**Task brief**
From the line containing "xb \<in> subdiff" onward to the last line of the data below, copy each line exactly and add nothing.
········
text \<open>Compare the minimizer with the points of the segment towards \<open>w\<close>, and let them tend to it.\<close>

lemma prox_obj_minimizer_variational:
  assumes lam: "0 < lam" and p: "p \<in> dom_f" and min: "\<forall>w\<in>dom_f. prox_obj lam y p \<le> prox_obj lam y w"
    and w: "w \<in> dom_f"
  shows "lam * f_real p + pinner m (y - p) (w - p) \<le> lam * f_real w"
proof (rule le_if_le_add_small_multiple)
  fix t :: real assume t: "0 < t" "t < 1"
  let ?c = "\<lambda>i. t *\<^sub>R w i + (1 - t) *\<^sub>R p i"
  have "y - ?c = (y - p) - pscale t (w - p)" by (simp add: fun_eq_iff algebra_simps)
  then have "pnormsq m (y - ?c) = pnormsq m (y - p) - 2 * t * pinner m (y - p) (w - p) + t\<^sup>2 * pnormsq m (w - p)"
    by (simp only: pnormsq_diff_pscale)
  moreover have "prox_obj lam y p \<le> prox_obj lam y ?c" using min dom_f_convex_comb(1)[OF w p t] by blast
  moreover have "lam * f_real ?c \<le> lam * (t * f_real w + (1 - t) * f_real p)"
    using dom_f_convex_comb(2)[OF w p t] lam by simp
  ultimately have "0 \<le> t * (lam * f_real w - lam * f_real p - pinner m (y - p) (w - p) + t * (pnormsq m (w - p) / 2))"
    unfolding prox_obj_def by (simp add: algebra_simps power2_eq_square)
  then show "lam * f_real p + pinner m (y - p) (w - p) \<le> lam * f_real w + t * (pnormsq m (w - p) / 2)"
    using t by (simp add: zero_le_mult_iff)
qed (simp add: pnormsq_nonneg)

lemma prox_f_subdiff:
  assumes lam: "0 < lam" and y: "y \<in> PH m H"
  shows "pscale (1 / lam) (y - prox_f lam y) \<in> subdiff m H f (prox_f lam y)"
proof (rule subdiffI)
  let ?p = "prox_f lam y"
  show "?p \<in> dom_f" by (rule prox_f_minimizes(1)[OF lam])
  then show "pscale (1 / lam) (y - ?p) \<in> PH m H"
    using PH_pscale[OF subspaces PH_diff[OF subspaces y]] dom_f_PH by blast
  fix w assume "w \<in> dom_f"
  then have "lam * f_real ?p + pinner m (y - ?p) (w - ?p) \<le> lam * f_real w"
    using prox_obj_minimizer_variational[OF lam \<open>?p \<in> dom_f\<close> prox_f_minimizes(2)[OF lam]] by blast
  then show "f_real ?p + pinner m (pscale (1 / lam) (y - ?p)) (w - ?p) \<le> f_real w"
    using lam by (simp add: pinner_pscale_left field_simps)
qed

lemma prox_f_PH: "0 < lam \<Longrightarrow> prox_f lam y \<in> PH m H"
  using prox_f_minimizes(1) dom_f_PH by blast

lemma prox_f_nonexpansive:
  assumes lam: "0 < lam" and y1: "y1 \<in> PH m H" and y2: "y2 \<in> PH m H"
  shows "pnorm m (prox_f lam y1 - prox_f lam y2) \<le> pnorm m (y1 - y2)"
proof -
  let ?p1 = "prox_f lam y1" and ?p2 = "prox_f lam y2"
  have "0 \<le> pinner m (pscale (1 / lam) (y1 - ?p1) - pscale (1 / lam) (y2 - ?p2)) (?p1 - ?p2)"
    by (rule subdiff_monotone[OF prox_f_subdiff[OF lam y1] prox_f_subdiff[OF lam y2]])
  also have "\<dots> = (1 / lam) * (pinner m (y1 - y2) (?p1 - ?p2) - pinner m (?p1 - ?p2) (?p1 - ?p2))"
    by (simp add: pinner_simps algebra_simps)
  finally have "(pnorm m (?p1 - ?p2))\<^sup>2 \<le> pinner m (y1 - y2) (?p1 - ?p2)"
    using lam by (simp add: zero_le_divide_iff pnorm_power2 pnormsq_eq_pinner)
  also have "\<dots> \<le> pnorm m (y1 - y2) * pnorm m (?p1 - ?p2)" by (rule pinner_le_pnorm_mult)
  finally show ?thesis
    using pnorm_nonneg[of m "?p1 - ?p2"] pnorm_nonneg[of m "y1 - y2"]
    by (cases "pnorm m (?p1 - ?p2) = 0") (auto simp: power2_eq_square mult_le_cancel_right)
qed

end

section \<open>Forward-backward-forward splitting\<close>

definition grad_op :: "nat \<Rightarrow> (nat \<Rightarrow> (nat \<Rightarrow> 'a) \<Rightarrow> 'a) \<Rightarrow> (nat \<Rightarrow> 'a) \<Rightarrow> nat \<Rightarrow> 'a::zero" where
  "grad_op m G x = (\<lambda>i. if i \<in> {1..m} then G i x else 0)"

lemma solves_P_if_zero:
  fixes xb :: "nat \<Rightarrow> 'a::real_inner"
  assumes H: "\<forall>i\<in>{1..m}. subspace (H i)" and xb: "xb \<in> PH m H"
    and zero: "- grad_op m G xb \<in> subdiff m H f xb"
    and convex: "\<forall>i\<in>{1..m}. convex_on (H i) (\<lambda>v. g i (xb(i := v)))"
    and deriv: "\<forall>i\<in>{1..m}. ((\<lambda>v. g i (xb(i := v))) has_derivative (\<lambda>h. G i xb \<bullet> h)) (at (xb i) within H i)"
  shows "solves_P m H f g xb"
  unfolding solves_P_def
proof (intro conjI xb ballI)
  fix i v assume i: "i \<in> {1..m}" and v: "v \<in> H i"
  have "xb(i := v) \<in> PH m H" using xb i v unfolding PH_def by auto
  then have sub: "f xb + ereal (pinner m (- grad_op m G xb) (xb(i := v) - xb)) \<le> f (xb(i := v))"
    using zero unfolding subdiff_def by blast
  have "pinner m (- grad_op m G xb) (xb(i := v) - xb) = (\<Sum>j\<in>{1..m}. if j = i then - (G i xb \<bullet> (v - xb i)) else 0)"
    unfolding pinner_def grad_op_def by (rule sum.cong) auto
  then have "pinner m (- grad_op m G xb) (xb(i := v) - xb) = - (G i xb \<bullet> (v - xb i))" using i by simp
  moreover have "g i xb + G i xb \<bullet> (v - xb i) \<le> g i (xb(i := v))"
    using convex_on_subspace_gradient_ineq[of "H i" "\<lambda>v. g i (xb(i := v))" "xb i" v "G i xb"]
      convex deriv H i v PH_component[OF xb i] by simp
  moreover have "f xb \<noteq> \<infinity>" "f xb \<noteq> -\<infinity>" using zero unfolding subdiff_def by auto
  ultimately show "f xb + ereal (g i xb) \<le> f (xb(i := v)) + ereal (g i (xb(i := v)))"
    using sub by (cases "f xb"; cases "f (xb(i := v))") auto
qed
········
**Final answer**
    and zero: "- grad_op m G xb \<in> subdiff m H f xb"
    and convex: "\<forall>i\<in>{1..m}. convex_on (H i) (\<lambda>v. g i (xb(i := v)))"
    and deriv: "\<forall>i\<in>{1..m}. ((\<lambda>v. g i (xb(i := v))) has_derivative (\<lambda>h. G i xb \<bullet> h)) (at (xb i) within H i)"
  shows "solves_P m H f g xb"
  unfolding solves_P_def
proof (intro conjI xb ballI)
  fix i v assume i: "i \<in> {1..m}" and v: "v \<in> H i"
  have "xb(i := v) \<in> PH m H" using xb i v unfolding PH_def by auto
  then have sub: "f xb + ereal (pinner m (- grad_op m G xb) (xb(i := v) - xb)) \<le> f (xb(i := v))"
    using zero unfolding subdiff_def by blast
  have "pinner m (- grad_op m G xb) (xb(i := v) - xb) = (\<Sum>j\<in>{1..m}. if j = i then - (G i xb \<bullet> (v - xb i)) else 0)"
    unfolding pinner_def grad_op_def by (rule sum.cong) auto
  then have "pinner m (- grad_op m G xb) (xb(i := v) - xb) = - (G i xb \<bullet> (v - xb i))" using i by simp
  moreover have "g i xb + G i xb \<bullet> (v - xb i) \<le> g i (xb(i := v))"
    using convex_on_subspace_gradient_ineq[of "H i" "\<lambda>v. g i (xb(i := v))" "xb i" v "G i xb"]
      convex deriv H i v PH_component[OF xb i] by simp
  moreover have "f xb \<noteq> \<infinity>" "f xb \<noteq> -\<infinity>" using zero unfolding subdiff_def by auto
  ultimately show "f xb + ereal (g i xb) \<le> f (xb(i := v)) + ereal (g i (xb(i := v)))"
    using sub by (cases "f xb"; cases "f (xb(i := v))") auto
qed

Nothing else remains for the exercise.